PROVIDED DATA Block Start

lemma invertible_if_sym_pd_mult_transpose:
  fixes K :: "real^'n^'n"
  assumes "sym_pd (K ** transpose K)"
  shows "invertible K"
proof -
  have "x = 0" if "transpose K *v x = 0" for x
  proof -
    have "x \<bullet> ((K ** transpose K) *v x) = 0"
      using that by (simp add: matrix_vector_mul_assoc[symmetric])
    then show "x = 0"
      using assms unfolding sym_pd_def by force
  qed
  then have "invertible (transpose K)"
    using matrix_left_invertible_ker invertible_left_inverse by blast
  then show ?thesis
    using transpose_invertible by fastforce
qed

lemma matrix_add_rdistrib:
  fixes A B C :: "'a::semiring_1^'n^'n"
  shows "(A + B) ** C = A ** C + B ** C"
  by (simp add: matrix_matrix_mult_def vec_eq_iff sum.distrib algebra_simps)

lemma info_matrix_congruence:
  fixes A :: "real^'n^'n"
  shows "A ** info_matrix f \<xi> ** transpose A = info_matrix (\<lambda>x. A *v f x) \<xi>"
proof -
  have outer: "A ** outer v v ** transpose A = outer (A *v v) (A *v v)" for v
    by (simp add: vec_eq_iff matrix_matrix_mult_def matrix_vector_mult_def transpose_def
        sum_distrib_left sum_distrib_right mult_ac)
  have "A ** (\<Sum>x\<in>S. \<xi> x *\<^sub>R outer (f x) (f x)) ** transpose A
      = (\<Sum>x\<in>S. \<xi> x *\<^sub>R outer (A *v f x) (A *v f x))" if "finite S" for S
    using that
    by (induction S rule: finite_induct)
      (simp_all add: matrix_add_ldistrib matrix_add_rdistrib matrix_scalar_ac
        scalar_matrix_assoc[symmetric] outer)
  then show ?thesis
    by (simp add: info_matrix_def)
qed

lemma outer_blk: "outer (blk j v) (blk j w) = block_diag (\<lambda>i. if i = j then outer v w else 0)"
  by (rule matrix_eq_pairwise) simp

definition lift_design :: "('x \<Rightarrow> real) \<Rightarrow> ('j \<times> 'x) + ('j \<times> nat) \<Rightarrow> real" where
  "lift_design \<xi> = case_sum (\<lambda>(_, x). \<xi> x) (\<lambda>_. 1)"

lemma art_info_matrix_cong:
  assumes "\<forall>z\<in>art_space r. \<xi> z = \<xi>' z"
  shows "art_info_matrix f K u r \<xi> = art_info_matrix f K u r \<xi>'"
  using assms unfolding art_info_matrix_def by (intro sum.cong) auto

lemma art_info_matrix_lift_design:
  fixes f :: "'x::finite \<Rightarrow> real^'n" and K :: "'j::finite \<Rightarrow> real^'n^'n"
  shows "art_info_matrix f K u r (lift_design \<xi>)
       = block_diag (\<lambda>j. info_matrix (\<lambda>x. matrix_inv (K j) *v f x) \<xi> + (\<Sum>k<r j. outer (u j k) (u j k)))"
proof -
  define g where "g z = lift_design \<xi> z *\<^sub>R outer (art_f f K u z) (art_f f K u z)" for z
  define S where "S = (SIGMA j:UNIV. {..<r j})"
  have space: "art_space r = range Inl \<union> Inr ` S"
    by (auto simp: art_space_def S_def)
  have "sum g (range Inl) = (\<Sum>j\<in>UNIV. \<Sum>x\<in>UNIV. g (Inl (j, x)))"
    by (simp add: sum.reindex sum_UNIV_prod)
  also have "\<dots> = (\<Sum>j\<in>UNIV. block_diag (\<lambda>i. if i = j then info_matrix (\<lambda>x. matrix_inv (K j) *v f x) \<xi> else 0))"
    by (simp add: g_def lift_design_def art_f_def outer_blk info_matrix_def
        block_diag_scaleR[symmetric] if_distrib block_diag_sum_single cong: if_cong)
  finally have left: "sum g (range Inl) = block_diag (\<lambda>j. info_matrix (\<lambda>x. matrix_inv (K j) *v f x) \<xi>)"
    by (simp add: block_diag_sum_delta)
  have "sum g (Inr ` S) = (\<Sum>j\<in>UNIV. \<Sum>k<r j. g (Inr (j, k)))"
    by (simp add: sum.reindex S_def sum.Sigma)
  also have "\<dots> = (\<Sum>j\<in>UNIV. block_diag (\<lambda>i. if i = j then \<Sum>k<r j. outer (u j k) (u j k) else 0))"
    by (simp add: g_def lift_design_def art_f_def outer_blk block_diag_sum_single)
  finally have right: "sum g (Inr ` S) = block_diag (\<lambda>j. \<Sum>k<r j. outer (u j k) (u j k))"
    by (simp add: block_diag_sum_delta)
  have "art_info_matrix f K u r (lift_design \<xi>) = sum g (range Inl) + sum g (Inr ` S)"
    unfolding art_info_matrix_def space g_def[symmetric]
    by (rule sum.union_disjoint) (auto simp: S_def)
  then show ?thesis
    by (simp add: left right block_diag_add)
qed

lemma Phi_A_art_info_matrix_lift_design:
  fixes f :: "'x::finite \<Rightarrow> real^'n" and B H K :: "'j::finite \<Rightarrow> real^'n^'n"
  assumes K_inv: "\<forall>j. invertible (K j)"
    and K_fact: "\<forall>j. H j = K j ** transpose (K j)"
    and u_fact: "\<forall>j. matrix_inv (K j) ** B j ** transpose (matrix_inv (K j))
                    = (\<Sum>k<r j. outer (u j k) (u j k))"
  shows "Phi_A (art_info_matrix f K u r (lift_design \<xi>)) = CBRC f B H \<xi>"
proof -
  define N where "N j = matrix_inv (K j) ** (info_matrix f \<xi> + B j) ** transpose (matrix_inv (K j))" for j
  have "N = (\<lambda>j. info_matrix (\<lambda>x. matrix_inv (K j) *v f x) \<xi> + (\<Sum>k<r j. outer (u j k) (u j k)))"
    by (intro ext) (simp add: N_def matrix_add_ldistrib matrix_add_rdistrib info_matrix_congruence u_fact)
  then have art: "art_info_matrix f K u r (lift_design \<xi>) = block_diag N"
    by (simp add: art_info_matrix_lift_design)
  have N_inv: "invertible (N j) \<longleftrightarrow> invertible (info_matrix f \<xi> + B j)" for j
    unfolding N_def using K_inv
    by (simp add: invertible_mult_iff invertible_matrix_inv transpose_invertible)
  show ?thesis
  proof (cases "\<forall>j. invertible (info_matrix f \<xi> + B j)")
    case True
    then have "Phi_A (block_diag N) = ereal (\<Sum>j\<in>UNIV. trace (matrix_inv (N j)))"
      by (simp add: Phi_A_def N_inv invertible_block_diag matrix_inv_block_diag trace_block_diag)
    also have "\<dots> = CBRC f B H \<xi>"
      using True K_inv by (simp add: CBRC_def N_def trace_matrix_inv_congruence K_fact)
    finally show ?thesis
      by (simp add: art)
  next
    case False
    then show ?thesis
      by (auto simp: art Phi_A_def CBRC_def N_inv invertible_block_diag)
  qed
qed

theorem theorem1:
  fixes f :: "'x::finite \<Rightarrow> real^'n"
    and B H K :: "'j::finite \<Rightarrow> real^'n^'n"
    and u :: "'j \<Rightarrow> nat \<Rightarrow> real^'n"
    and \<Xi> :: "('x \<Rightarrow> real) set"
    and j1 :: 'j
    and \<xi>s :: "('j \<times> 'x) + ('j \<times> nat) \<Rightarrow> real"
  assumes span_f: "span (range f) = UNIV"
    and B_psd: "\<forall>j. sym_psd (B j)"
    and H_pd: "\<forall>j. sym_pd (H j)"
    and Xi_nonneg: "\<forall>\<xi>\<in>\<Xi>. \<forall>x. 0 \<le> \<xi> x"
    and Xi_finite: "\<exists>\<xi>\<in>\<Xi>. CBRC f B H \<xi> < \<infinity>"
    and K_fact: "\<forall>j. H j = K j ** transpose (K j)"
    and u_fact: "\<forall>j. matrix_inv (K j) ** B j ** transpose (matrix_inv (K j))
                    = (\<Sum>k<rank (B j). outer (u j k) (u j k))"
    and feas: "(\<forall>z\<in>art_space (\<lambda>j. rank (B j)). 0 \<le> \<xi>s z)
             \<and> (\<forall>j x. \<xi>s (Inl (j, x)) = \<xi>s (Inl (j1, x)))
             \<and> (\<forall>j k. k < rank (B j) \<longrightarrow> \<xi>s (Inr (j, k)) = 1)
             \<and> (\<lambda>x. \<xi>s (Inl (j1, x))) \<in> \<Xi>"
    and opt: "\<forall>\<xi>t :: ('j \<times> 'x) + ('j \<times> nat) \<Rightarrow> real.
               ((\<forall>z\<in>art_space (\<lambda>j. rank (B j)). 0 \<le> \<xi>t z)
                \<and> (\<forall>j x. \<xi>t (Inl (j, x)) = \<xi>t (Inl (j1, x)))
                \<and> (\<forall>j k. k < rank (B j) \<longrightarrow> \<xi>t (Inr (j, k)) = 1)
                \<and> (\<lambda>x. \<xi>t (Inl (j1, x))) \<in> \<Xi>)
               \<longrightarrow> Phi_A (art_info_matrix f K u (\<lambda>j. rank (B j)) \<xi>s)
                   \<le> Phi_A (art_info_matrix f K u (\<lambda>j. rank (B j)) \<xi>t)"
  shows "(\<lambda>x. \<xi>s (Inl (j1, x))) \<in> \<Xi>
       \<and> (\<forall>\<xi>\<in>\<Xi>. CBRC f B H (\<lambda>x. \<xi>s (Inl (j1, x))) \<le> CBRC f B H \<xi>)"
proof -
  let ?r = "\<lambda>j. rank (B j)" and ?\<xi>1 = "\<lambda>x. \<xi>s (Inl (j1, x))"
  have K_inv: "\<forall>j. invertible (K j)"
    using H_pd K_fact invertible_if_sym_pd_mult_transpose by metis
  note Phi_A_lift = Phi_A_art_info_matrix_lift_design[OF K_inv K_fact u_fact]
  have "art_info_matrix f K u ?r \<xi>s = art_info_matrix f K u ?r (lift_design ?\<xi>1)"
    using feas by (intro art_info_matrix_cong) (auto simp: art_space_def lift_design_def)
  then have \<xi>s_value: "Phi_A (art_info_matrix f K u ?r \<xi>s) = CBRC f B H ?\<xi>1"
    by (simp add: Phi_A_lift)
  have "CBRC f B H ?\<xi>1 \<le> CBRC f B H \<xi>" if "\<xi> \<in> \<Xi>" for \<xi>
  proof -
    have "(\<forall>z\<in>art_space ?r. 0 \<le> lift_design \<xi> z)
        \<and> (\<forall>j x. lift_design \<xi> (Inl (j, x)) = lift_design \<xi> (Inl (j1, x)))
        \<and> (\<forall>j k. k < ?r j \<longrightarrow> lift_design \<xi> (Inr (j, k)) = 1)
        \<and> (\<lambda>x. lift_design \<xi> (Inl (j1, x))) \<in> \<Xi>"
      using that Xi_nonneg by (auto simp: art_space_def lift_design_def)
    then have "Phi_A (art_info_matrix f K u ?r \<xi>s) \<le> Phi_A (art_info_matrix f K u ?r (lift_design \<xi>))"
      using opt by blast
    then show ?thesis
      by (simp add: \<xi>s_value Phi_A_lift)
  qed
  with feas show ?thesis
    by blast
qed

end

PROVIDED DATA Block End

YOUR ASSIGNMENT.
Wherever a line in the records contains the word "reindex", copy that line.

OUTPUT BELOW.
    by (simp add: sum.reindex sum_UNIV_prod)
    by (simp add: sum.reindex S_def sum.Sigma)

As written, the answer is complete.